Family rallies around 1-year-old boy with rare, incurable disease
Contra Costa Times | January 23, 2012 | By Theresa Harrington
When Danielle Terborg learned her 3-month-old son, Logan, had a rare illness called SMARD — spinal muscular atrophy with respiratory distress — she was faced with a difficult decision.
Doctors told her she could give him “comfort care” or hook him up to breathing and feeding tubes for the rest of his life, with the knowledge that he may not live until his second birthday.
“It was our family’s belief that it was best to do everything we can and give him the best life possible,” said Terborg, who brought Logan home from Children’s Hospital Oakland in September.
Before that, she and other family members spent hours by Logan’s side, playing with the blue-eyed, dimple-cheeked boy whose smile fills the room, even if he has a ventilator tube that keeps him alive.
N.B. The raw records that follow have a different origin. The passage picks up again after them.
theorem sup_Tplus_representation:
  assumes \<nu>: "\<nu> > 0"
  shows "let \<phi> = (\<lambda>x. epow (RN_deriv M N x) \<nu>);
           L = elog (\<integral>\<^sup>+x. \<phi> x \<partial>N);
           F = (\<lambda>c. uadd (ereal (1 / c) * elog (\<integral>\<^sup>+x. epow (\<phi> x) c \<partial>M))
                          (ereal (1 / (c - 1)) * renyi (c / (c - 1)) N M))
       in (SUP \<tau> \<in> Tplus M (1 + 1 / \<nu>) \<phi>. elog (\<integral>\<^sup>+x. \<tau> x \<partial>N)) = L
        \<and> L = (INF c \<in> {1<..}. F c)
        \<and> F (1 + 1 / \<nu>) = (INF c \<in> {1<..}. F c)
        \<and> L = ereal (\<nu> * (1 + \<nu>)) * renyi (1 + \<nu>) N M"
proof -
  define \<phi> where "\<phi> = (\<lambda>x. epow (RN_deriv M N x) \<nu>)"
  have \<phi>_meas: "\<phi> \<in> borel_measurable M"
    by (simp add: \<phi>_def)
  have L_eq: "(\<integral>\<^sup>+x. \<phi> x \<partial>N) = rn_moment (1 + \<nu>)"
    using \<nu> by (simp add: \<phi>_def nn_integral_N_epow_RN_deriv add.commute)
  have "(\<integral>\<^sup>+x. epow (\<phi> x) (1 + 1 / \<nu>) \<partial>M) = rn_moment (1 + \<nu>)"
    using \<nu> by (simp add: \<phi>_def epow_epow rn_moment_def distrib_left add.commute)
  then have "(SUP \<tau> \<in> Tplus M (1 + 1 / \<nu>) \<phi>. elog (\<integral>\<^sup>+x. \<tau> x \<partial>N)) = elog (rn_moment (1 + \<nu>))"
    using \<nu>
  proof (intro cSup_eq_maximum)
    show "elog (rn_moment (1 + \<nu>)) \<in> (\<lambda>\<tau>. elog (\<integral>\<^sup>+x. \<tau> x \<partial>N)) ` Tplus M (1 + 1 / \<nu>) \<phi>"
      by (rule image_eqI[of _ _ \<phi>]) (auto simp: Tplus_def \<phi>_meas L_eq)
  qed (auto simp: Tplus_def intro!: elog_mono nn_integral_N_le_rn_moment)
  moreover have "elog (rn_moment (1 + \<nu>)) = ereal (\<nu> * (1 + \<nu>)) * renyi (1 + \<nu>) N M"
    using \<nu> elog_rn_moment_eq_renyi[of "1 + \<nu>"] by (simp add: mult.commute)
  ultimately show ?thesis
    using \<nu> INF_uadd_representation[of \<nu>] L_eq unfolding Let_def \<phi>_def by simp
qed

lemma nn_integral_N_epow_le_holder:
  assumes c: "0 < c" "c < 1"
  shows "(\<integral>\<^sup>+x. epow (RN_deriv M N x) (\<nu> * c) \<partial>N)
    \<le> epow (rn_moment \<nu>) c * epow (rn_moment (1 / (1 - c))) (1 - c)"
proof -
  have e: "1 / (1 - c) * (1 - c) = 1" using c by simp
  have "(\<integral>\<^sup>+x. epow (RN_deriv M N x) (\<nu> * c) \<partial>N)
      = (\<integral>\<^sup>+x. epow (epow (RN_deriv M N x) \<nu>) c * epow (epow (RN_deriv M N x) (1 / (1 - c))) (1 - c) \<partial>M)"
    unfolding epow_epow e by (simp add: nn_integral_N mult.commute)
  also have "\<dots> \<le> epow (rn_moment \<nu>) c * epow (rn_moment (1 / (1 - c))) (1 - c)"
    unfolding rn_moment_def using c by (intro nn_integral_holder_epow) auto
  finally show ?thesis .
qed

lemma rn_moment_le_holder_neg:
  assumes c: "c < 0"
  shows "rn_moment (1 / (1 - c))
    \<le> epow (\<integral>\<^sup>+x. epow (RN_deriv M N x) (\<nu> * c) \<partial>N) (1 / (1 - c)) * epow (rn_moment \<nu>) (1 - 1 / (1 - c))"
proof -
  define \<alpha> where "\<alpha> = 1 / (1 - c)"
  have \<alpha>: "0 < \<alpha>" "\<alpha> < 1" and ex: "(1 + \<nu> * c) * \<alpha> + \<nu> * (1 - \<alpha>) = \<alpha>"
    using c by (simp_all add: \<alpha>_def field_simps)
  have "rn_moment \<alpha> \<le> (\<integral>\<^sup>+x. epow (RN_deriv M N x * epow (RN_deriv M N x) (\<nu> * c)) \<alpha>
                            * epow (epow (RN_deriv M N x) \<nu>) (1 - \<alpha>) \<partial>M)"
    unfolding rn_moment_def
  proof (intro nn_integral_mono_AE, use AE_RN_deriv_finite in eventually_elim)
    case (elim x)
    show ?case
    proof (cases "RN_deriv M N x = 0")
      case False
      with elim show ?thesis
        using epow_add[of "RN_deriv M N x" 1 "\<nu> * c", symmetric] epow_add[of "RN_deriv M N x" "(1 + \<nu> * c) * \<alpha>" "\<nu> * (1 - \<alpha>)"]
        by (simp add: epow_epow ex)
    qed (use \<alpha> in \<open>simp add: epow_zero\<close>)
  qed
  also have "\<dots> \<le> epow (\<integral>\<^sup>+x. RN_deriv M N x * epow (RN_deriv M N x) (\<nu> * c) \<partial>M) \<alpha> * epow (rn_moment \<nu>) (1 - \<alpha>)"
    unfolding rn_moment_def using \<alpha> by (intro nn_integral_holder_epow) auto
  finally show ?thesis
    by (simp add: \<alpha>_def nn_integral_N)
qed

lemma ladd_le_elog_rn_moment:
  assumes \<nu>: "\<nu> > 0" and fin: "rn_moment \<nu> \<noteq> \<infinity>" and c: "c < 1" "c \<noteq> 0"
  shows "ladd (ereal (1 / c) * elog (\<integral>\<^sup>+x. epow (RN_deriv M N x) (\<nu> * c) \<partial>N))
      (- (ereal ((1 - c) / c) * elog (rn_moment (1 / (1 - c))))) \<le> elog (rn_moment \<nu>)"
proof -
  have nonzero: "rn_moment \<nu> \<noteq> 0" "rn_moment (1 / (1 - c)) \<noteq> 0"
    using \<nu> c by (simp_all add: rn_moment_nonzero)
  show ?thesis
  proof (cases "c > 0")
    case True
    with c show ?thesis
      by (intro ladd_le_elog_of_le_epow nn_integral_N_epow_le_holder nonzero fin)
  next
    case False
    with c show ?thesis
      by (intro ladd_le_elog_of_le_epow_neg rn_moment_le_holder_neg nonzero fin) auto
  qed
qed

lemma SUP_ladd_representation:
  assumes \<nu>: "\<nu> > 0" "\<nu> \<noteq> 1" and fin: "rn_moment \<nu> \<noteq> \<infinity>"
  defines "G \<equiv> \<lambda>c. ladd (ereal (1 / c) * elog (\<integral>\<^sup>+x. epow (epow (RN_deriv M N x) \<nu>) c \<partial>N))
                      (- (ereal (1 / (1 - c)) * renyi (1 / (1 - c)) N M))"
  shows "G (1 - 1 / \<nu>) = elog (rn_moment \<nu>)"
    and "(SUP c \<in> {c. c < 1 \<and> c \<noteq> 0}. G c) = elog (rn_moment \<nu>)"
proof -
  have G_eq: "G c = ladd (ereal (1 / c) * elog (\<integral>\<^sup>+x. epow (RN_deriv M N x) (\<nu> * c) \<partial>N))
      (- (ereal ((1 - c) / c) * elog (rn_moment (1 / (1 - c)))))" if c: "c < 1" "c \<noteq> 0" for c
  proof -
    have "1 / (1 - c) * (1 / (1 / (1 - c) * (1 / (1 - c) - 1))) = (1 - c) / c"
      using c by (simp add: field_simps)
    then show ?thesis
      using c by (simp add: G_def epow_epow renyi_eq_rn_moment mult.assoc[symmetric])
  qed
  show opt: "G (1 - 1 / \<nu>) = elog (rn_moment \<nu>)"
  proof -
    define c where "c = 1 - 1 / \<nu>"
    have c: "c < 1" "c \<noteq> 0" "\<nu> * c = \<nu> - 1" "1 / (1 - c) = \<nu>"
      using \<nu> by (simp_all add: c_def field_simps)
    have "\<bar>elog (rn_moment \<nu>)\<bar> \<noteq> \<infinity>"
      using fin rn_moment_nonzero[OF \<nu>(1)] by (simp add: elog_def)
    then show ?thesis
      using c \<nu> by (simp add: G_eq nn_integral_N_epow_RN_deriv ladd_convex_comb_self flip: c_def)
  qed
  show "(SUP c \<in> {c. c < 1 \<and> c \<noteq> 0}. G c) = elog (rn_moment \<nu>)"
  proof (rule cSup_eq_maximum)
    show "elog (rn_moment \<nu>) \<in> G ` {c. c < 1 \<and> c \<noteq> 0}"
      using \<nu> opt by (intro image_eqI[of _ _ "1 - 1 / \<nu>"]) auto
  qed (use \<nu> fin in \<open>auto simp: G_eq ladd_le_elog_rn_moment\<close>)
qed

lemma rn_moment_le_of_Tminus:
  assumes \<nu>: "\<nu> > 1" and fin: "rn_moment \<nu> \<noteq> \<infinity>" and \<tau>: "\<tau> \<in> borel_measurable M"
    and ge: "rn_moment \<nu> \<le> (\<integral>\<^sup>+x. epow (\<tau> x) (1 - 1 / \<nu>) \<partial>N)"
  shows "rn_moment \<nu> \<le> (\<integral>\<^sup>+x. \<tau> x \<partial>M)"
proof -
  define \<beta> where "\<beta> = 1 - 1 / \<nu>"
  have \<beta>: "0 < \<beta>" "\<beta> < 1" and e: "\<nu> * (1 - \<beta>) = 1"
    using \<nu> by (simp_all add: \<beta>_def)
  have "(\<integral>\<^sup>+x. epow (\<tau> x) \<beta> \<partial>N)
      = (\<integral>\<^sup>+x. epow (\<tau> x) \<beta> * epow (epow (RN_deriv M N x) \<nu>) (1 - \<beta>) \<partial>M)"
    unfolding epow_epow e using \<tau> by (simp add: nn_integral_N mult.commute)
  then have "rn_moment \<nu> \<le> (\<integral>\<^sup>+x. epow (\<tau> x) \<beta> * epow (epow (RN_deriv M N x) \<nu>) (1 - \<beta>) \<partial>M)"
    using ge unfolding \<beta>_def by simp
  also have "\<dots> \<le> epow (\<integral>\<^sup>+x. \<tau> x \<partial>M) \<beta> * epow (rn_moment \<nu>) (1 - \<beta>)"
    unfolding rn_moment_def using \<tau> \<beta> by (intro nn_integral_holder_epow) auto
  finally have "rn_moment \<nu> \<le> epow (\<integral>\<^sup>+x. \<tau> x \<partial>M) \<beta> * epow (rn_moment \<nu>) (1 - \<beta>)" .
  moreover have "rn_moment \<nu> \<noteq> 0"
    using \<nu> by (simp add: rn_moment_nonzero)
  ultimately show ?thesis
    using le_of_le_epow_mult_self fin \<beta> by blast
qed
His grandmother, Peggy Thomas, and his mother alternate caring for him, along with in-home nurses. In the meantime, they have also researched his disease, finding one boy with it has lived to age 20.
Dr. Gregory Cox, a researcher at the Jackson Laboratory in Bar Harbor, Maine, is one of the few scientists in the world studying the disease and trying to find a cure.
It is so rare, he said, that statistics about how many children have it are not available, especially since so many victims die very young.